Ему казалось, что все тосты в его честь были неискренними, а фонтаны лести в его адрес со стороны женской части родни были сплошной фальшью.

Кроме того, из тридцати человек, собравшихся за столом в Баронском зале, кроме Элизабет, не было никого, к кому он испытывал бы хоть малейшую привязанность.

Блюда, поданные на ужин, были великолепны, вина превосходны, но у герцога был такой вид, словно он ест опилки и пьет воду из лужи.

Сидя во главе длинного стола, уставленного золотыми канделябрами и безделушками, веками принадлежавшими семье, он был в состоянии думать лишь о том, что с завтрашнего дня в противоположном конце этого стола постоянно будет восседать некая женщина, которую он будет вынужден называть своей женой.

Герцог чувствовал, что его гнетущее настроение передается и женщинам, сидящим по левую и правую стороны от него.

После того как его соседки поняли тщетность своих попыток добиться хоть какой-нибудь реакции на их воодушевленные замечания, они стали искоса поглядывать на него и переговариваться с другими гостями.

И лишь когда леди удалились в свою комнату и мужчинам был предложен портвейн, к нему подсел маркиз и неуверенно сказал:

— Надеюсь, мы сделали все, как ты просил, Бак. Элизабет и Маргарет выбились из сил, лишь бы ты был доволен.

— Я бы остался доволен, если бы меня здесь сейчас не было!

Маркиз вздохнул.

— Я знаю, но раз ты заезжал в Лондон, то знаешь, какую линию гнет Эдмунд.

— Знаю!

— Из него так и хлещет фонтан лжи, — сердито сказал маркиз, — и он готов изливать ее всем, кто пожелает, и, к сожалению, такие находятся.

Герцог поджал губы, а Холл продолжал:

— Хотя мне известно, что он отчаянно обеспокоен. Кредиторы требуют у него возврата кредитов.

— Ему следовало ожидать этого.

— Конечно, но в целом ситуация мне не по душе.
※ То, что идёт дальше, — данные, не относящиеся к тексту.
lemma comm_group_generate:
  assumes "S \<subseteq> carrier G" "\<And>a b. a \<in> S \<Longrightarrow> b \<in> S \<Longrightarrow> a \<otimes> b = b \<otimes> a"
  shows "comm_group (G\<lparr>carrier := generate G S\<rparr>)"
proof -
  have "S \<subseteq> centralizer G S"
    using assms unfolding centralizer_def by auto
  then have "generate G S \<subseteq> centralizer G S"
    by (rule generate_subset_centralizer[OF assms(1) assms(1)])
  then have "S \<subseteq> centralizer G (generate G S)"
    using assms(1) unfolding centralizer_def by auto
  then have "generate G S \<subseteq> centralizer G (generate G S)"
    by (rule generate_subset_centralizer[OF assms(1) generate_incl[OF assms(1)]])
  then show ?thesis
    using group.group_comm_groupI[OF subgroup_imp_group[OF generate_is_subgroup[OF assms(1)]]]
    unfolding centralizer_def by auto
qed

end

locale nonabelian_self_centralizing = group +
  assumes centralizer_subset:
    "\<lbrakk>subgroup H G; \<not> comm_group (G\<lparr>carrier := H\<rparr>)\<rbrakk> \<Longrightarrow> centralizer G H \<subseteq> H"
begin

lemma centralizer_subset_generate_pair:
  assumes "a \<in> carrier G" "b \<in> carrier G" "a \<otimes> b \<noteq> b \<otimes> a"
  shows "centralizer G {a, b} \<subseteq> generate G {a, b}"
proof
  fix g assume g: "g \<in> centralizer G {a, b}"
  have S: "{a, b} \<subseteq> carrier G" using assms by simp
  have "\<not> comm_group (G\<lparr>carrier := generate G {a, b}\<rparr>)"
    using comm_groupE(4)[of "G\<lparr>carrier := generate G {a, b}\<rparr>" a b] assms(3)
    by (auto intro: generate.incl)
  moreover have "g \<in> centralizer G (generate G {a, b})"
  proof -
    have gc: "g \<in> carrier G" using g unfolding centralizer_def by simp
    then have "{a, b} \<subseteq> centralizer G {g}" using g S mem_centralizer_iff by blast
    then have "generate G {a, b} \<subseteq> centralizer G {g}"
      using generate_subset_centralizer[OF S] gc by simp
    then show ?thesis using mem_centralizer_iff[OF gc generate_incl[OF S]] by simp
  qed
  ultimately show "g \<in> generate G {a, b}"
    using centralizer_subset[OF generate_is_subgroup[OF S]] by blast
qed

end

section \<open>Two-generator groups with central commutator\<close>

locale central_commutator_pair = group +
  fixes x y z
  assumes x_closed [simp]: "x \<in> carrier G" and y_closed [simp]: "y \<in> carrier G"
    and z_closed [simp]: "z \<in> carrier G"
    and x_y_swap: "x \<otimes> y = y \<otimes> x \<otimes> z"
    and z_x_commute: "z \<otimes> x = x \<otimes> z" and z_y_commute: "z \<otimes> y = y \<otimes> z"
begin

definition nf :: "int \<Rightarrow> int \<Rightarrow> int \<Rightarrow> 'a" where
  "nf i j k = x [^] i \<otimes> y [^] j \<otimes> z [^] k"

lemma nf_closed [simp]: "nf i j k \<in> carrier G"
  unfolding nf_def by simp

lemma nf_simps:
  "nf 0 0 0 = \<one>" "nf i 0 0 = x [^] i" "nf 0 j 0 = y [^] j" "nf 0 0 k = z [^] k"
  "nf 1 0 0 = x" "nf 0 1 0 = y" "nf 0 0 1 = z"
  unfolding nf_def by auto

lemma z_pow_commute:
  "w \<in> carrier G \<Longrightarrow> w \<otimes> z = z \<otimes> w \<Longrightarrow> w \<otimes> z [^] (k::int) = z [^] k \<otimes> w"
  using int_pow_commute[of w z 1 k] by simp

lemma y_pow_x_pow:
  "y [^] (j::int) \<otimes> x [^] (i::int) = x [^] i \<otimes> y [^] j \<otimes> z [^] (- (i * j))"
proof -
  have "inv y \<otimes> x \<otimes> y = x \<otimes> z"
    by (rule conj_eq_iff[THEN iffD2]) (simp_all add: x_y_swap m_assoc)
  then have "inv y \<otimes> x [^] i \<otimes> y = x [^] i \<otimes> z [^] i"
    using conj_int_pow[of y x i] int_pow_mult_distrib[OF z_x_commute[symmetric]] by simp
  then have "x [^] i \<otimes> y = y \<otimes> (x [^] i \<otimes> z [^] i)"
    by (rule conj_eq_iff[THEN iffD1, rotated -1]) simp_all
  then have "y \<otimes> x [^] i = x [^] i \<otimes> y \<otimes> z [^] (- i)"
    using int_pow_commute[of x z i "- i"] z_x_commute
    by (simp add: m_assoc int_pow_mult[of z, symmetric] flip: int_pow_neg)
  then have "inv (x [^] i) \<otimes> y \<otimes> x [^] i = y \<otimes> z [^] (- i)"
    by (intro conj_eq_iff[THEN iffD2]) (simp_all add: m_assoc)
  then have "inv (x [^] i) \<otimes> y [^] j \<otimes> x [^] i = y [^] j \<otimes> z [^] (- i * j)"
    using conj_int_pow[of "x [^] i" y j] int_pow_mult_distrib[OF z_pow_commute[OF y_closed z_y_commute[symmetric]]]
    by (simp add: int_pow_pow)
  then have "y [^] j \<otimes> x [^] i = x [^] i \<otimes> (y [^] j \<otimes> z [^] (- i * j))"
    by (rule conj_eq_iff[THEN iffD1, rotated -1]) simp_all
  then show ?thesis by (simp add: m_assoc)
qed

lemma z_pow_commute_x_pow: "z [^] (k::int) \<otimes> x [^] (i::int) = x [^] i \<otimes> z [^] k"
  using int_pow_commute[OF z_closed x_closed z_x_commute] .

lemma z_pow_commute_y_pow: "z [^] (k::int) \<otimes> y [^] (j::int) = y [^] j \<otimes> z [^] k"
  using int_pow_commute[OF z_closed y_closed z_y_commute] .

lemma nf_mult: "nf i j k \<otimes> nf i' j' k' = nf (i + i') (j + j') (k + k' - j * i')"
proof -
  have z_k: "z [^] k \<otimes> (x [^] i' \<otimes> y [^] j') = x [^] i' \<otimes> y [^] j' \<otimes> z [^] k"
    using z_pow_commute_x_pow[of k i'] z_pow_commute_y_pow[of k j']
    by (metis int_pow_closed m_assoc x_closed y_closed z_closed)
  have "nf i j k \<otimes> nf i' j' k' = x [^] i \<otimes> y [^] j \<otimes> (z [^] k \<otimes> (x [^] i' \<otimes> y [^] j')) \<otimes> z [^] k'"
    unfolding nf_def by (simp add: m_assoc)
  also have "\<dots> = x [^] i \<otimes> (y [^] j \<otimes> x [^] i') \<otimes> y [^] j' \<otimes> (z [^] k \<otimes> z [^] k')"
    unfolding z_k by (simp add: m_assoc)
  also have "\<dots> = x [^] i \<otimes> x [^] i' \<otimes> y [^] j \<otimes> (z [^] (- (i' * j)) \<otimes> y [^] j') \<otimes> (z [^] k \<otimes> z [^] k')"
    unfolding y_pow_x_pow by (simp add: m_assoc)
  also have "\<dots> = x [^] i \<otimes> x [^] i' \<otimes> (y [^] j \<otimes> y [^] j') \<otimes> (z [^] (- (i' * j)) \<otimes> (z [^] k \<otimes> z [^] k'))"
    unfolding z_pow_commute_y_pow by (simp add: m_assoc)
  also have "\<dots> = nf (i + i') (j + j') (k + k' - j * i')"
    unfolding nf_def by (simp add: int_pow_mult[symmetric] algebra_simps)
  finally show ?thesis .
qed

lemma nf_eq_imp_z_pow_eq_one: "nf i j k = nf i j k' \<Longrightarrow> z [^] (k - k') = \<one>"
  unfolding nf_def by (simp add: m_assoc int_pow_diff)

lemma x_pow_y_pow_commute_iff:
  "x [^] (a::int) \<otimes> y [^] (b::int) = y [^] b \<otimes> x [^] a \<longleftrightarrow> z [^] (a * b) = \<one>"
proof -
  have "y [^] b \<otimes> x [^] a = x [^] a \<otimes> y [^] b \<otimes> z [^] (- (a * b))"
    using y_pow_x_pow .
  then have "x [^] a \<otimes> y [^] b = y [^] b \<otimes> x [^] a \<longleftrightarrow> z [^] (- (a * b)) = \<one>"
    by (simp add: m_assoc)
  then show ?thesis by (simp add: int_pow_neg)
qed

lemma generate_powers_nf:
  assumes "g \<in> generate G {x [^] (a::int), y [^] (b::int)}"
  shows "\<exists>i j k. g = nf (a * i) (b * j) (a * b * k)"
  using assms
proof (induction rule: generate.induct)
  case one
  have "\<one> = nf (a * 0) (b * 0) (a * b * 0)" by (simp add: nf_simps)
  then show ?case by blast
next
  case (incl h)
  then consider "h = nf (a * 1) (b * 0) (a * b * 0)" | "h = nf (a * 0) (b * 1) (a * b * 0)"
    by (auto simp: nf_simps)
  then show ?case by cases blast+
next
  case (inv h)
  then consider "inv h = nf (a * -1) (b * 0) (a * b * 0)" | "inv h = nf (a * 0) (b * -1) (a * b * 0)"
    by (auto simp: nf_simps int_pow_neg)
  then show ?case by cases blast+
next
  case (eng h1 h2)
  then obtain i j k i' j' k' where "h1 = nf (a * i) (b * j) (a * b * k)" "h2 = nf (a * i') (b * j') (a * b * k')"
    by blast
  then have "h1 \<otimes> h2 = nf (a * (i + i')) (b * (j + j')) (a * b * (k + k' - j * i'))"
    by (simp add: nf_mult algebra_simps)
  then show ?case by blast
qed

lemma nf_commute_x_imp_z_pow_eq_one: "nf i j k \<otimes> x = x \<otimes> nf i j k \<Longrightarrow> z [^] j = \<one>"
  using nf_eq_imp_z_pow_eq_one[of "i + 1" j k "k - j"] nf_mult[of i j k 1 0 0] nf_mult[of 1 0 0 i j k]
  by (simp add: nf_simps add.commute int_pow_neg)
Отчаявшись, люди совершают отчаянные поступки, Бак, и тебе это хорошо известно.

— Не представляю, что можно сделать еще более отчаянное, чем жениться на Лотти!

Маркиз снова вздохнул.

— Надеюсь, ты прав, но в данных обстоятельствах я чувствую себя неуютно.

— А как ты думаешь, что чувствую я? — яростно спросил герцог.

Маркиз промолчал, и разговор прервался. К счастью, вечер завершился рано, так как большинство родственников были в годах и многим из них еще предстояло покрыть большие расстояния, возвращаясь домой.

Маркиза ясно объяснила им, что после венчания они не смогут остаться в Бакхерст-парке, так как в первые дни медового месяца там будет находиться герцог.

По правде говоря, это было лишь догадкой Элизабет: у нее не было ни малейшего представления о планах брата после свадьбы.

Она написала ему два письма, спрашивая, куда он собирается на медовый месяц, но он не ответил, и ей оставалось лишь надеяться, что он обо всем договорился с мистером Дэлтоном. Во всяком случае, она была уверена, что первую ночь он проведет в Бакхерст-парк, и хотела, чтоб никто ему не мешал. Она также рассчитывала, что ей удастся поговорить с Баком до приезда гостей, но поскольку он опоздал, она печально подумала, что дальше она бессильна. Ей оставалось лишь молиться о том, чтобы выражение, не покидавшее его лица в течение всего ужина, не напугало Сэмелу с самого начала.